▶ _PROBLEM STATEMENT_
Only the line containing "by (simp add: pres_def" and the lines after it, through the end of the entries, should be output exactly.
========
lemma integral_reflect_scale:
  fixes f :: "real \<Rightarrow> real"
  assumes "h > 0" "continuous_on {0..1} (\<lambda>u. f (c - h * u))"
  shows "integral {c - h..c} f = h * integral {0..1} (\<lambda>u. f (c - h * u))"
proof -
  define g where "g u = f (c - h * u)" for u
  have "(g has_integral integral {0..1} g) (cbox 0 1)"
    using integrable_continuous_real[OF assms(2)] unfolding g_def by (simp add: integrable_integral)
  from has_integral_affinity[OF this, of "- 1 / h" "c / h"] assms(1)
  have "((\<lambda>x. g (- 1 / h * x + c / h)) has_integral h * integral {0..1} g) ((\<lambda>x. - h * x + c) ` {0..1})"
    by (simp add: field_simps)
  moreover have "(\<lambda>x. - h * x + c) ` {0..1} = {c - h..c}"
    using assms(1) by (subst image_affinity_atLeastAtMost) auto
  moreover have "g (- 1 / h * x + c / h) = f x" for x
    unfolding g_def using assms(1) by (simp add: field_simps)
  ultimately have "(f has_integral h * integral {0..1} g) {c - h..c}" by simp
  then show ?thesis unfolding g_def by (rule integral_unique)
qed

lemma powr_three_halves: "(x :: real) \<ge> 0 \<Longrightarrow> x powr (3 / 2) = x * sqrt x"
  using powr_add[of x 1 "1 / 2"] by (cases "x = 0") (auto simp: powr_half_sqrt)

lemma powr_half_integer: "(h :: real) > 0 \<Longrightarrow> h powr (real k + 1 / 2) = h ^ k * sqrt h"
  by (simp add: powr_add powr_realpow powr_half_sqrt)

lemma reflected_energy_ratio:
  fixes h E0 u :: real
  assumes "0 < h" "h < E0" "u \<in> {0..1}"
  shows "sqrt (((E0 - h * u) / (E0 - h))\<^sup>2 - 1) =
           sqrt h * sqrt (1 - u) * sqrt (2 * E0 - h * (1 + u)) / (E0 - h)"
    and "(((E0 - h * u) / (E0 - h))\<^sup>2 - 1) powr (3 / 2) =
           h * sqrt h * ((1 - u) * sqrt (1 - u)) * ((2 * E0 - h * (1 + u)) * sqrt (2 * E0 - h * (1 + u))) /
           (E0 - h) ^ 3"
proof -
  have V: "E0 - h > 0" using assms by simp
  have "h * u \<le> h" using assms by (simp add: mult_left_le)
  moreover have "2 * E0 - h * (1 + u) = 2 * E0 - h - h * u" by (simp add: algebra_simps)
  ultimately have W: "2 * E0 - h * (1 + u) \<ge> 0"
    using assms by linarith
  have eq: "((E0 - h * u) / (E0 - h))\<^sup>2 - 1 = h * (1 - u) * (2 * E0 - h * (1 + u)) / (E0 - h)\<^sup>2"
  proof -
    have "((E0 - h * u) / (E0 - h))\<^sup>2 - 1 = ((E0 - h * u)\<^sup>2 - (E0 - h)\<^sup>2) / (E0 - h)\<^sup>2"
      using V by (simp only: power_divide) (simp add: diff_divide_distrib)
    also have "(E0 - h * u)\<^sup>2 - (E0 - h)\<^sup>2 = h * (1 - u) * (2 * E0 - h * (1 + u))"
      by (simp add: power2_eq_square algebra_simps)
    finally show ?thesis .
  qed
  show sq: "sqrt (((E0 - h * u) / (E0 - h))\<^sup>2 - 1) =
           sqrt h * sqrt (1 - u) * sqrt (2 * E0 - h * (1 + u)) / (E0 - h)"
    unfolding eq using V by (simp add: real_sqrt_mult real_sqrt_divide)
  have nonneg: "((E0 - h * u) / (E0 - h))\<^sup>2 - 1 \<ge> 0"
    unfolding eq using assms W by auto
  then show "(((E0 - h * u) / (E0 - h))\<^sup>2 - 1) powr (3 / 2) =
           h * sqrt h * ((1 - u) * sqrt (1 - u)) * ((2 * E0 - h * (1 + u)) * sqrt (2 * E0 - h * (1 + u))) /
           (E0 - h) ^ 3"
    unfolding powr_three_halves[OF nonneg] sq unfolding eq using V
    by (simp add: field_simps power2_eq_square power3_eq_cube)
qed

lemma
  fixes chi :: "real \<Rightarrow> real"
  assumes "0 < h" "h < E0" "continuous_on {0..h / E0} chi"
  shows continuous_on_rho_kernel: "continuous_on {0..1} (rho_kernel n chi E0 h)"
    and continuous_on_pres_kernel: "continuous_on {0..1} (pres_kernel n chi E0 h)"
proof -
  have img: "(\<lambda>u. h * u / E0) ` {0..1} \<subseteq> {0..h / E0}"
    using assms by (auto simp: divide_right_mono mult_left_le)
  have "continuous_on {0..1} (\<lambda>u. chi (h * u / E0))"
    by (rule continuous_on_compose2[OF assms(3) _ img]) (use assms in \<open>auto intro!: continuous_intros\<close>)
  then show "continuous_on {0..1} (rho_kernel n chi E0 h)" "continuous_on {0..1} (pres_kernel n chi E0 h)"
    unfolding rho_kernel_def[abs_def] pres_kernel_def[abs_def] using assms by (auto intro!: continuous_intros)
qed

lemma phi_reflected:
  fixes phi chi :: "real \<Rightarrow> real"
  assumes "0 < h" "h < E0" "u \<in> {0..1}" "\<forall>x\<in>{0..h / E0}. phi x = x ^ n * chi x"
  shows "phi (1 - (E0 - h * u) / E0) = h ^ n / E0 ^ n * u ^ n * chi (h * u / E0)"
proof -
  have "E0 \<noteq> 0" using assms(1,2) by linarith
  then have "1 - (E0 - h * u) / E0 = h * u / E0" by (simp add: field_simps)
  moreover have "h * u / E0 \<in> {0..h / E0}"
    using assms by (auto simp: divide_right_mono mult_left_le)
  ultimately show ?thesis
    using assms(4) by (simp add: power_mult_distrib power_divide)
qed

lemma rho_eq_powr_integral:
  assumes h: "0 < h" "h < E0" and phi: "\<forall>x\<in>{0..h / E0}. phi x = x ^ n * chi x"
    and chi: "continuous_on {0..h / E0} chi"
  shows "rho phi E0 (E0 - h) = h powr (real n + 3 / 2) * integral {0..1} (rho_kernel n chi E0 h)"
proof -
  define V where "V = E0 - h"
  have V: "V > 0" using h by (simp add: V_def)
  define f where "f E = phi (1 - E / E0) * E\<^sup>2 * sqrt ((E / V)\<^sup>2 - 1)" for E
  define c where "c = h ^ n * sqrt h * V ^ 3 / (4 * pi)"
  have f: "f (E0 - h * u) = c * rho_kernel n chi E0 h u" if "u \<in> {0..1}" for u
    unfolding f_def V_def phi_reflected[OF h that phi] reflected_energy_ratio(1)[OF h that]
    unfolding V_def[symmetric] rho_kernel_def c_def
    using V h by (simp add: field_simps eval_nat_numeral)
  have "continuous_on {0..1} (\<lambda>u. c * rho_kernel n chi E0 h u)"
    using continuous_on_rho_kernel[OF h chi] by (intro continuous_intros)
  then have "continuous_on {0..1} (\<lambda>u. f (E0 - h * u))"
    by (rule continuous_on_eq) (use f in auto)
  moreover have "integral {0..1} (\<lambda>u. f (E0 - h * u)) = integral {0..1} (\<lambda>u. c * rho_kernel n chi E0 h u)"
    by (rule integral_cong) (rule f)
  ultimately have "integral {V..E0} f = h * (c * integral {0..1} (rho_kernel n chi E0 h))"
    using integral_reflect_scale[OF h(1)] by (simp add: V_def)
  then have "rho phi E0 (E0 - h) = 4 * pi / V ^ 3 * (h * (c * integral {0..1} (rho_kernel n chi E0 h)))"
    by (simp add: rho_def f_def[abs_def] V_def)
  also have "\<dots> = h powr (real (n + 1) + 1 / 2) * integral {0..1} (rho_kernel n chi E0 h)"
    unfolding powr_half_integer[OF h(1)] using V by (simp add: c_def field_simps)
  finally show ?thesis by (simp add: add_ac)
qed

lemma pres_eq_powr_integral:
  assumes h: "0 < h" "h < E0" and phi: "\<forall>x\<in>{0..h / E0}. phi x = x ^ n * chi x"
    and chi: "continuous_on {0..h / E0} chi"
  shows "pres phi E0 (E0 - h) = h powr (real n + 3 / 2 + 1) * integral {0..1} (pres_kernel n chi E0 h)"
proof -
  define V where "V = E0 - h"
  have V: "V > 0" using h by (simp add: V_def)
  define f where "f E = phi (1 - E / E0) * ((E / V)\<^sup>2 - 1) powr (3 / 2)" for E
  define c where "c = 3 * h ^ (n + 1) * sqrt h * V / (4 * pi)"
  have f: "f (E0 - h * u) = c * pres_kernel n chi E0 h u" if "u \<in> {0..1}" for u
    unfolding f_def V_def phi_reflected[OF h that phi] reflected_energy_ratio(2)[OF h that]
    unfolding V_def[symmetric] pres_kernel_def c_def
    using V h by (simp add: field_simps eval_nat_numeral)
  have "continuous_on {0..1} (\<lambda>u. c * pres_kernel n chi E0 h u)"
    using continuous_on_pres_kernel[OF h chi] by (intro continuous_intros)
  then have "continuous_on {0..1} (\<lambda>u. f (E0 - h * u))"
    by (rule continuous_on_eq) (use f in auto)
  moreover have "integral {0..1} (\<lambda>u. f (E0 - h * u)) = integral {0..1} (\<lambda>u. c * pres_kernel n chi E0 h u)"
    by (rule integral_cong) (rule f)
  ultimately have "integral {V..E0} f = h * (c * integral {0..1} (pres_kernel n chi E0 h))"
    using integral_reflect_scale[OF h(1)] by (simp add: V_def)
  then have "pres phi E0 (E0 - h) = 4 * pi / (3 * V) * (h * (c * integral {0..1} (pres_kernel n chi E0 h)))"
    by (simp add: pres_def f_def[abs_def] V_def)
  also have "\<dots> = h powr (real (n + 2) + 1 / 2) * integral {0..1} (pres_kernel n chi E0 h)"
    unfolding powr_half_integer[OF h(1)] using V by (simp add: c_def field_simps)
  finally show ?thesis by (simp add: add_ac)
qed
========
▶ _SOLUTION TO THIS TASK_
    by (simp add: pres_def f_def[abs_def] V_def)
  also have "\<dots> = h powr (real (n + 2) + 1 / 2) * integral {0..1} (pres_kernel n chi E0 h)"
    unfolding powr_half_integer[OF h(1)] using V by (simp add: c_def field_simps)
  finally show ?thesis by (simp add: add_ac)
qed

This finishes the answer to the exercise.